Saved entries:
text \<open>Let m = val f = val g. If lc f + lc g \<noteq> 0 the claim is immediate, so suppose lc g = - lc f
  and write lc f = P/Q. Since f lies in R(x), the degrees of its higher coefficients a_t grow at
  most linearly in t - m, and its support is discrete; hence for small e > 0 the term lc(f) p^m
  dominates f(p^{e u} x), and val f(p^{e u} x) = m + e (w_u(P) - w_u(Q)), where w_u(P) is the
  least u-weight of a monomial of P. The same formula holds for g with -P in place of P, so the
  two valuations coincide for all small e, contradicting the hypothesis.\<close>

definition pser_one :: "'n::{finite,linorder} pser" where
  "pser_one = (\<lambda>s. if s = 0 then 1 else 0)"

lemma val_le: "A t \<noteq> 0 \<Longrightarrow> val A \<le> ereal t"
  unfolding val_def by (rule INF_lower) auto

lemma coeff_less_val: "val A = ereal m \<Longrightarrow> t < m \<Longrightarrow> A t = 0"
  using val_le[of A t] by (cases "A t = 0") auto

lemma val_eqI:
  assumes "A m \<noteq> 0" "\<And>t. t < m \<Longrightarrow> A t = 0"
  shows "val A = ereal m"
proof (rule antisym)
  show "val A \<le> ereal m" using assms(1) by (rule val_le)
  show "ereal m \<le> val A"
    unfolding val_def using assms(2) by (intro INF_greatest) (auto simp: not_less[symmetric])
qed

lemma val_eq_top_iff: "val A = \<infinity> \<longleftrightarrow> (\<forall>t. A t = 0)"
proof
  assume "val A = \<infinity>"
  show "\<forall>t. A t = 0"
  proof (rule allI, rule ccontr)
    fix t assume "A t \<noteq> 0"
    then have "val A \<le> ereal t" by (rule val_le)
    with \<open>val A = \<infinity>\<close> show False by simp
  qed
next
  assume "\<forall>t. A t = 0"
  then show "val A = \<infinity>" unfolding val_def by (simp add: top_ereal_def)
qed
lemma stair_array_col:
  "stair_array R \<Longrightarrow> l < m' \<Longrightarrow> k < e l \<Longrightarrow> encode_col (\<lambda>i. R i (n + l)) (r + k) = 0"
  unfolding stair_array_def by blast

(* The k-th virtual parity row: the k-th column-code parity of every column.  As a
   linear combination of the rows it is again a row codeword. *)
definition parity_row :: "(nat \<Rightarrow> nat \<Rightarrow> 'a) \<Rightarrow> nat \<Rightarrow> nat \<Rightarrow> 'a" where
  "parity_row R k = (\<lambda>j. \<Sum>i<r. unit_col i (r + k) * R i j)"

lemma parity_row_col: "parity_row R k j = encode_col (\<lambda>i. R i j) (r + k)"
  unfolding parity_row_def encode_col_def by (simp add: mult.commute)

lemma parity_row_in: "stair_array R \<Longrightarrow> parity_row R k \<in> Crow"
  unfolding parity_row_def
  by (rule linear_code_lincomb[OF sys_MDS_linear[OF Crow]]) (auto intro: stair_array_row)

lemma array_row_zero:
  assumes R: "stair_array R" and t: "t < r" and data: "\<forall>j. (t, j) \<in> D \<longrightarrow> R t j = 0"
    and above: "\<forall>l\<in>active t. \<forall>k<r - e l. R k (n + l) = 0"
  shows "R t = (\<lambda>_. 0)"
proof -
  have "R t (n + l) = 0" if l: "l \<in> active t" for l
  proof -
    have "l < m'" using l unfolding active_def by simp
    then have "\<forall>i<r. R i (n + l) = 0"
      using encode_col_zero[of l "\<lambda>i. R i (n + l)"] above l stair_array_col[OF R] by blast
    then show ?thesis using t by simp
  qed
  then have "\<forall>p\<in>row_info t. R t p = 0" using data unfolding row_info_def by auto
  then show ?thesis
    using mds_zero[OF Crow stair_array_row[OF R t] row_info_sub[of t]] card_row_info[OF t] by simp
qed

» DESCRIPTION OF THE TASK
Lines with "Crow" in the records above: copy every one of them.

» RESPONSE TO THIS TASK
lemma parity_row_in: "stair_array R \<Longrightarrow> parity_row R k \<in> Crow"
  by (rule linear_code_lincomb[OF sys_MDS_linear[OF Crow]]) (auto intro: stair_array_row)
    using mds_zero[OF Crow stair_array_row[OF R t] row_info_sub[of t]] card_row_info[OF t] by simp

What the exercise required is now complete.